Politique

Soudan : le Premier ministre Abdallah Hamdok échappe à un « attentat terroriste » à Khartoum

Des policiers soudanais se tiennent à côté de véhicules qui faisaient partie du convoi du Premier ministre Abdalla Hamdok à Khartoum, au Soudan, le 9 mars 2020.

Des policiers soudanais se tiennent à côté de véhicules qui faisaient partie du convoi du Premier ministre Abdalla Hamdok à Khartoum, au Soudan, le 9 mars 2020. © AP Photo/Marwan Ali

Le convoi du Premier ministre soudanais a été visé lundi par un attentat « terroriste » à la bombe dans la capitale, selon des responsables et des médias d’État. L’attaque, qui n’a pas été revendiquée, a fait un blessé léger parmi les membres du protocole.

« Une explosion s’est produite au passage de la voiture du Premier ministre Abdallah Hamdok mais grâce à dieu personne n’a été touché », a écrit Ali Bakhit, le chef de cabinet de Abdallah Hamdok, sur Facebook.

Un responsable du Conseil des ministres a confirmé que « M. Hamdok a échappé à un attentat » en matinée. »

Le Premier ministre a été visé par une tentative d’assassinat mais il se porte bien et a été transporté dans un lieu sûr », a ensuite annoncé la télévision d’État, évoquant un « attentat terroriste ».

Radio Om Dormane, une station d’État, a indiqué que le convoi du Premier ministre avait été visé par des tirs d’armes automatiques lors de l’explosion, ajoutant que M. « Hamdok a été transporté dans un hôpital ».

Explsotion suivie de tirs

Le lieu de l’explosion, survenue à Kober, un quartier du nord-est de Khartoum, à l’entrée d’un pont sur le Nil, a été bouclé par les forces de l’ordre, qui ont immédiatement lancé une enquête.

Les images de deux véhicules endommagés par l’explosion ont été diffusées par la télévision d’État.

Dans un communiqué lu par le ministre de la Culture et de l’information, Fayçal Mohammed Saleh, le Conseil des ministres a qualifié l’attaque de « terroriste » sans en désigner les responsables.

L’attentat, qui n’a pas été revendiqué dans l’immédiat, a été provoqué par une explosion suivie de tirs visant le convoi de Abdallah Hamdok, selon le communiqué.

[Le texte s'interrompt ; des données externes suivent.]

section \<open>Insertion languages\<close>

lemma L_eps_Nil [simp]: "[] \<in> L_eps I"
  by (simp add: L_eps_def)

lemma L_eps_step: "y \<in> L_eps I \<Longrightarrow> g \<in> I \<Longrightarrow> x \<in> shuffles y g \<Longrightarrow> x \<in> L_eps I"
  unfolding L_eps_def ins_step_def by (auto intro: rtranclp.rtrancl_into_rtrancl)

lemma L_eps_induct [consumes 1, case_names Nil step]:
  assumes "x \<in> L_eps I" and "P []"
    and "\<And>y g x. y \<in> L_eps I \<Longrightarrow> P y \<Longrightarrow> g \<in> I \<Longrightarrow> x \<in> shuffles y g \<Longrightarrow> P x"
  shows "P x"
proof -
  have "(ins_step I)\<^sup>*\<^sup>* [] x"
    using assms(1) by (simp add: L_eps_def)
  then show ?thesis
  proof (induction rule: rtranclp_induct)
    case (step y z)
    then show ?case
      using assms(3)[of y _ z] unfolding ins_step_def L_eps_def by blast
  qed (rule assms(2))
qed

lemma replicate_in_L_eps: "[x] \<in> I \<Longrightarrow> replicate k x \<in> L_eps I"
proof (induction k)
  case (Suc k)
  have "replicate (Suc k) x = replicate k x @ [x]"
    by (simp add: replicate_append_same)
  then show ?case
    using L_eps_step[OF Suc.IH[OF Suc.prems] Suc.prems] append_in_shuffles by metis
qed simp

text \<open>A prefix of a shuffle is a shuffle of prefixes, so prefix letter counts add up along
  insertion steps; the last argument of \<open>R\<close> counts the insertions.\<close>

lemma L_eps_additive_invariant:
  assumes "x \<in> L_eps I"
    and gen: "\<And>g s. g \<in> I \<Longrightarrow> R (cnt a (take s g)) (cnt b (take s g)) (cnt a g) (cnt b g) (1::nat)"
    and zero: "R 0 0 0 0 0"
    and add: "\<And>\<alpha>1 \<beta>1 A1 B1 N1 \<alpha>2 \<beta>2 A2 B2 N2. R \<alpha>1 \<beta>1 A1 B1 N1 \<Longrightarrow> R \<alpha>2 \<beta>2 A2 B2 N2 \<Longrightarrow>
      R (\<alpha>1 + \<alpha>2) (\<beta>1 + \<beta>2) (A1 + A2) (B1 + B2) (N1 + N2)"
  shows "\<exists>N. \<forall>s. R (cnt a (take s x)) (cnt b (take s x)) (cnt a x) (cnt b x) N"
  using assms(1)
proof (induction rule: L_eps_induct)
  case Nil
  then show ?case using zero by auto
next
  case (step y g x)
  then obtain N where N: "\<forall>s. R (cnt a (take s y)) (cnt b (take s y)) (cnt a y) (cnt b y) N"
    by blast
  have "R (cnt a (take s x)) (cnt b (take s x)) (cnt a x) (cnt b x) (N + 1)" for s
  proof -
    have "take s x @ drop s x \<in> shuffles y g"
      using step.hyps by simp
    then obtain y1 y2 g1 g2 where split: "y = y1 @ y2" "g = g1 @ g2" "take s x \<in> shuffles y1 g1"
      by (meson append_in_shuffles_split)
    have "R (cnt a y1 + cnt a g1) (cnt b y1 + cnt b g1) (cnt a y + cnt a g) (cnt b y + cnt b g) (N + 1)"
      using add[OF N[rule_format, of "length y1"] gen[OF step.hyps(2), of "length g1"]] split(1,2)
      by simp
    then show ?thesis
      using cnt_shuffles[OF split(3)] cnt_shuffles[OF step.hyps(3)] by simp
  qed
  then show ?case by blast
qed

fun shuffles_of :: "word list \<Rightarrow> word set" where
  "shuffles_of [] = {[]}"
| "shuffles_of (v # vs) = (\<Union>y \<in> shuffles_of vs. shuffles y v)"

lemma shuffles_of_in_L_eps: "x \<in> shuffles_of vs \<Longrightarrow> set vs \<subseteq> I \<Longrightarrow> x \<in> L_eps I"
proof (induction vs arbitrary: x)
  case (Cons v vs)
  then obtain y where "y \<in> shuffles_of vs" "x \<in> shuffles y v"
    by auto
  with Cons show ?case
    by (auto intro: L_eps_step)
qed simp

lemma Nil_in_shuffles_of_replicate: "[] \<in> shuffles_of (replicate N [])"
  by (induction N) auto

lemma snoc_in_shuffles_of:
  "x \<in> shuffles_of vs \<Longrightarrow> k < length vs \<Longrightarrow> x @ [c] \<in> shuffles_of (vs[k := vs ! k @ [c]])"
proof (induction vs arbitrary: x k)
  case (Cons v vs)
  then obtain y where y: "y \<in> shuffles_of vs" "x \<in> shuffles y v"
    by auto
  show ?case
  proof (cases k)
    case 0
    then show ?thesis
      using y shuffles_append[OF y(2), of "[c]" "[]" "[c]"] by auto
  next
    case (Suc k')
    with Cons y have "y @ [c] \<in> shuffles_of (vs[k' := vs ! k' @ [c]])"
      by simp
    with Suc show ?thesis
      using shuffles_append[OF y(2), of "[c]" "[c]" "[]"] by auto
  qed
qed simp

section \<open>Staircase words and admissible prefixes\<close>

text \<open>\<open>stairs i n (Suc k) = a\<^sup>i b (a\<^sup>n b)\<^sup>k\<close>.\<close>

fun stairs :: "nat \<Rightarrow> nat \<Rightarrow> nat \<Rightarrow> word" where
  "stairs i n 0 = []"
| stairs_Suc: "stairs i n (Suc k) = stairs i n k @ replicate (if k = 0 then i else n) a @ [b]"

declare stairs_Suc [simp del]

lemma cnt_a_stairs_Suc [simp]: "cnt a (stairs i n (Suc k)) = i + n * k"
  by (induction k) (auto simp: stairs_Suc)

lemma cnt_b_stairs [simp]: "cnt b (stairs i n k) = k"
  by (induction k) (auto simp: stairs_Suc)

lemma take_stairs_append_replicate:
  "\<exists>k' r'. take s (stairs i n k @ replicate r a) = stairs i n k' @ replicate r' a \<and>
     (k' = k \<and> r' \<le> r \<or> k' < k \<and> r' \<le> (if k' = 0 then i else n))"
proof (induction k arbitrary: s r)
  case 0
  show ?case
    by (intro exI[of _ 0] exI[of _ "min s r"]) (simp add: take_replicate)
next
  case (Suc k)
  define X where "X = stairs i n k @ replicate (if k = 0 then i else n) a"
  have split: "stairs i n (Suc k) @ replicate r a = X @ b # replicate r a"
    by (simp add: X_def stairs_Suc)
  show ?case
  proof (cases "s \<le> length X")
    case True
    then have "take s (stairs i n (Suc k) @ replicate r a) = take s X"
      unfolding split by simp
    with Suc.IH[of s "if k = 0 then i else n"] show ?thesis
      unfolding X_def by (metis less_Suc_eq)
  next
    case False
    then have "take s (stairs i n (Suc k) @ replicate r a)
        = stairs i n (Suc k) @ replicate (min (s - Suc (length X)) r) a"
      unfolding split by (simp add: take_Cons' take_replicate X_def stairs_Suc)
    then show ?thesis
      by (intro exI[of _ "Suc k"] exI[of _ "min (s - Suc (length X)) r"]) simp
  qed
qed

definition stairs_prefix :: "nat \<Rightarrow> nat \<Rightarrow> nat \<Rightarrow> nat \<Rightarrow> word" where
  "stairs_prefix i n \<alpha> \<beta> = stairs i n \<beta> @ replicate (\<alpha> - cnt a (stairs i n \<beta>)) a"

lemma stairs_prefix_snoc_a:
  "cnt a (stairs i n \<beta>) \<le> \<alpha> \<Longrightarrow> stairs_prefix i n \<alpha> \<beta> @ [a] = stairs_prefix i n (Suc \<alpha>) \<beta>"
  unfolding stairs_prefix_def by (simp add: Suc_diff_le replicate_append_same)

lemma stairs_prefix_snoc_b:
  assumes "\<alpha> = i + n * \<beta>"
  shows "stairs_prefix i n \<alpha> \<beta> @ [b] = stairs_prefix i n \<alpha> (Suc \<beta>)"
proof (cases \<beta>)
  case (Suc \<beta>')
  with assms show ?thesis
    unfolding stairs_prefix_def by (simp add: stairs_Suc[of i n "Suc \<beta>'"])
qed (simp add: assms stairs_prefix_def stairs_Suc)

text \<open>The inequalities satisfied by the numbers \<open>\<alpha>\<close> of a's and \<open>\<beta>\<close> of b's of a prefix of a
  shuffle of \<open>N\<close> copies of \<open>stairs i n (Suc j)\<close>, each possibly followed by \<open>a\<^sup>m\<close>: a copy
  shows at least \<open>i\<close> a's before its first b and \<open>n\<close> more before each further b (the two
  lower bounds), at most \<open>i + n * k\<close> a's before its \<open>(k + 1)\<close>-st b (the third bound; when
  \<open>j \<ge> 1\<close> it persists after the last b because \<open>m \<le> n\<close>), and the a's of its tail only
  after all its \<open>j + 1\<close> b's (the last bound).\<close>

definition admissible :: "nat \<Rightarrow> nat \<Rightarrow> nat \<Rightarrow> nat \<Rightarrow> nat \<Rightarrow> nat \<Rightarrow> nat \<Rightarrow> bool" where
  "admissible i n j m N \<alpha> \<beta> \<longleftrightarrow>
     i * \<beta> \<le> \<alpha> \<and> n * \<beta> + i * N \<le> \<alpha> + n * N \<and> (1 \<le> j \<longrightarrow> \<alpha> \<le> i * N + n * \<beta>)
     \<and> \<alpha> + m * j * N \<le> (i + n * j) * N + m * \<beta>"

lemma admissible_0 [simp]: "admissible i n j m 0 0 0"
  by (simp add: admissible_def)

lemma admissible_add:
  "admissible i n j m N1 \<alpha>1 \<beta>1 \<Longrightarrow> admissible i n j m N2 \<alpha>2 \<beta>2 \<Longrightarrow>
    admissible i n j m (N1 + N2) (\<alpha>1 + \<alpha>2) (\<beta>1 + \<beta>2)"
  unfolding admissible_def by (auto simp: algebra_simps)

lemma admissible_take_copy:
  assumes "i \<le> n" and "1 \<le> j \<longrightarrow> m \<le> n" and "r \<le> m"
  shows "admissible i n j m 1 (cnt a (take s (stairs i n (Suc j) @ replicate r a)))
    (cnt b (take s (stairs i n (Suc j) @ replicate r a)))"
proof -
  obtain k r' where x: "take s (stairs i n (Suc j) @ replicate r a) = stairs i n k @ replicate r' a"
    and k: "k = Suc j \<and> r' \<le> r \<or> k < Suc j \<and> r' \<le> (if k = 0 then i else n)"
    using take_stairs_append_replicate by blast
  have mn: "m * j \<le> n * j"
    using assms(2) by (cases "j = 0") auto
  consider "k = Suc j" "r' \<le> m" | "k = 0" "r' \<le> i" | \<gamma> where "k = Suc \<gamma>" "\<gamma> < j" "r' \<le> n"
    using k assms(3) by (cases k) auto
  then have "admissible i n j m 1 (cnt a (stairs i n k) + r') k"
  proof cases
    case 1
    with assms(1,2) show ?thesis
      unfolding admissible_def
      by (simp add: algebra_simps) (auto intro: mult_le_mono2 trans_le_add2)
  next
    case 2
    with assms(1) mn show ?thesis
      unfolding admissible_def by (simp add: add_mono mult.commute)
  next
    case 3
    then obtain d where "j = Suc (\<gamma> + d)"
      using less_iff_Suc_add by auto
    with 3 assms(1,2) show ?thesis
      unfolding admissible_def
      by (simp add: algebra_simps)
         (auto intro: add_mono mult_le_mono2 trans_le_add2)
  qed
  then show ?thesis
    unfolding x by simp
qed

lemma L_eps_stairs_admissible:
  assumes "u \<in> L_eps {stairs i n (Suc j), stairs i n (Suc j) @ replicate m a}"
    and "i \<le> n" and "1 \<le> j \<longrightarrow> m \<le> n"
  shows "\<exists>N t. cnt b u = Suc j * N \<and> cnt a u = (i + n * j) * N + m * t \<and>
    (\<forall>s. admissible i n j m N (cnt a (take s u)) (cnt b (take s u)))"
proof -
  let ?R = "\<lambda>\<alpha> \<beta> A B N. admissible i n j m N \<alpha> \<beta> \<and> B = Suc j * N \<and> (\<exists>t. A = (i + n * j) * N + m * t)"
  have "\<exists>N. \<forall>s. ?R (cnt a (take s u)) (cnt b (take s u)) (cnt a u) (cnt b u) N"
  proof (rule L_eps_additive_invariant[OF assms(1)])
    fix g s
    assume "g \<in> {stairs i n (Suc j), stairs i n (Suc j) @ replicate m a}"
    then obtain t where g: "g = stairs i n (Suc j) @ replicate (m * t) a" "t \<le> 1"
      by (metis append_Nil2 empty_replicate insertE le_refl mult_0_right mult_1_right singletonD zero_le)
    then show "?R (cnt a (take s g)) (cnt b (take s g)) (cnt a g) (cnt b g) 1"
      using admissible_take_copy[OF assms(2,3), where r = "m * t" and s = s]
      by auto
  next
    fix \<alpha>1 \<beta>1 A1 B1 N1 \<alpha>2 \<beta>2 A2 B2 N2
    assume "?R \<alpha>1 \<beta>1 A1 B1 N1" "?R \<alpha>2 \<beta>2 A2 B2 N2"
    then show "?R (\<alpha>1 + \<alpha>2) (\<beta>1 + \<beta>2) (A1 + A2) (B1 + B2) (N1 + N2)"
      using admissible_add by (auto simp: algebra_simps) (metis add_mult_distrib)
  qed simp
  then show ?thesis
    by blast
qed

lemma admissibleI_past_stairs:
  assumes "(i + n * j) * N \<le> \<alpha>" and "\<alpha> + m * j * N \<le> (i + n * j) * N + m * \<beta>"
    and "j * N \<le> \<beta>" and "\<beta> \<le> Suc j * N"
    and "i \<le> n" and "1 \<le> j \<longrightarrow> m \<le> n"
  shows "admissible i n j m N \<alpha> \<beta>"
proof -
  have D: "(i + n * j) * N = i * N + n * (j * N)"
    by (simp add: algebra_simps)
  have "i * \<beta> \<le> i * N + i * (j * N)"
    using mult_le_mono2[OF assms(4), of i] by (simp add: algebra_simps)
  moreover have "i * (j * N) \<le> n * (j * N)"
    using assms(5) by (rule mult_le_mono1)
  ultimately have "i * \<beta> \<le> \<alpha>"
    using assms(1) D by linarith
  moreover have "n * \<beta> \<le> n * N + n * (j * N)"
    using mult_le_mono2[OF assms(4), of n] by (simp add: algebra_simps)
  then have "n * \<beta> + i * N \<le> \<alpha> + n * N"
    using assms(1) D by linarith
  moreover have "\<alpha> \<le> i * N + n * \<beta>" if "1 \<le> j"
  proof -
    obtain e where e: "\<beta> = j * N + e"
      using assms(3) le_Suc_ex by blast
    have "m * e \<le> n * e"
      using assms(6) that by simp
    moreover have "m * \<beta> = m * j * N + m * e" "n * \<beta> = n * (j * N) + n * e"
      by (simp_all add: e algebra_simps)
    ultimately show ?thesis
      using assms(2) D by linarith
  qed
  ultimately show ?thesis
    using assms(2) unfolding admissible_def by blast
qed

section \<open>Greedy distribution among copies\<close>

text \<open>The a's of a word are cut into consecutive blocks of lengths \<open>i * N\<close>, \<open>j\<close> times \<open>n * N\<close>,
  and \<open>m * N\<close>, and copy \<open>k\<close> receives the \<open>k\<close>-th window of each block; the b's are dealt
  round robin. \<open>window_count c w k A\<close> is the number of the first \<open>A\<close> a's falling into the
  \<open>k\<close>-th window of width \<open>w\<close> after position \<open>c\<close>.\<close>

definition window_count :: "nat \<Rightarrow> nat \<Rightarrow> nat \<Rightarrow> nat \<Rightarrow> nat" where
  "window_count c w k A = min w (A - (c + k * w))"

lemma window_count_0 [simp]: "window_count c w k 0 = 0"
  by (simp add: window_count_def)

lemma window_count_mono: "A \<le> A' \<Longrightarrow> window_count c w k A \<le> window_count c w k A'"
  by (auto simp: window_count_def min_def)

lemma window_count_full: "c + k * w + w \<le> A \<Longrightarrow> window_count c w k A = w"
  by (simp add: window_count_def)

lemma window_count_empty: "A \<le> c + k * w \<Longrightarrow> window_count c w k A = 0"
  by (simp add: window_count_def)

lemma sum_window_count: "(\<Sum>k<K. window_count c w k A) = min (K * w) (A - c)"
proof (induction K)
  case (Suc K)
  have "min (K * w) X + min w (X - K * w) = min (w + K * w) X" for X
    by (auto simp: min_def)
  with Suc show ?case
    by (simp add: window_count_def diff_diff_add)
qed simp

Il a fait un blessé léger parmi les membres du protocole accompagnant le Premier ministre, a précisé le Conseil, promettant de « faire face avec détermination à toutes les attaques terroristes ».

La « révolution » ciblée par l’attaque

C’est la « révolution soudanaise qui a été visée par cette attaque (…) mais nous ferons en sorte que cette révolution poursuive sa marche », a souligné le Conseil des ministres.

« Je veux rassurer le peuple soudanais que je me porte bien et que ce qui s’est passé n’arrêtera pas la marche (du Soudan) sur la voie du changement », a écrit le Premier ministre sur Twitter.

À la mi-journée, Abdallah Hamdok a présidé une réunion des dirigeants des Forces pour la liberté et le changement (FLC), fer de lance de la contestation qui a conduit au départ de l’ancien président Omar el-Béchir en avril 2019.

Il a ensuite réuni ses ministres pour une réunion extraordinaire, selon l’un de ses aides.

Défis

Dans des images de la télévision d’État, Abdallah Hamdok est apparu souriant pendant ces réunions et donnant l’accolade aux personnalités venues montrer leur soutien après l’échec de la tentative d’assassinat.

Plusieurs cortèges de manifestants soutenant le dirigeant ont commencé à sillonner Khartoum, selon des témoins.

Ce sont les FLC qui ont proposé cet ex-économiste de l’ONU au poste de Premier ministre pour la période de transition politique ayant fait l’objet d’un accord en août 2019 entre les militaires et les civils.

Depuis son investiture le 21 août, il s’emploie à relancer une économie en berne, à négocier la paix avec des mouvements rebelles de l’ouest et du sud du pays et à réformer un système politique hérité du pouvoir d’Omar el-Béchir.

Aux États-Unis, un haut responsable du département d’État en charge de l’Afrique, Tibor Nagy, a condamné l’attentat, réaffirmant le soutien de son pays au « gouvernement de transition dirigé par des civils au Soudan et au peuple soudanais ».

La mission conjointe des Nations unies et de l’Union africaine au Darfour (Minuad) a également condamné, dans un communiqué, l’attaque, estimant qu’elle visait « à faire dérailler le processus de transition au Soudan ».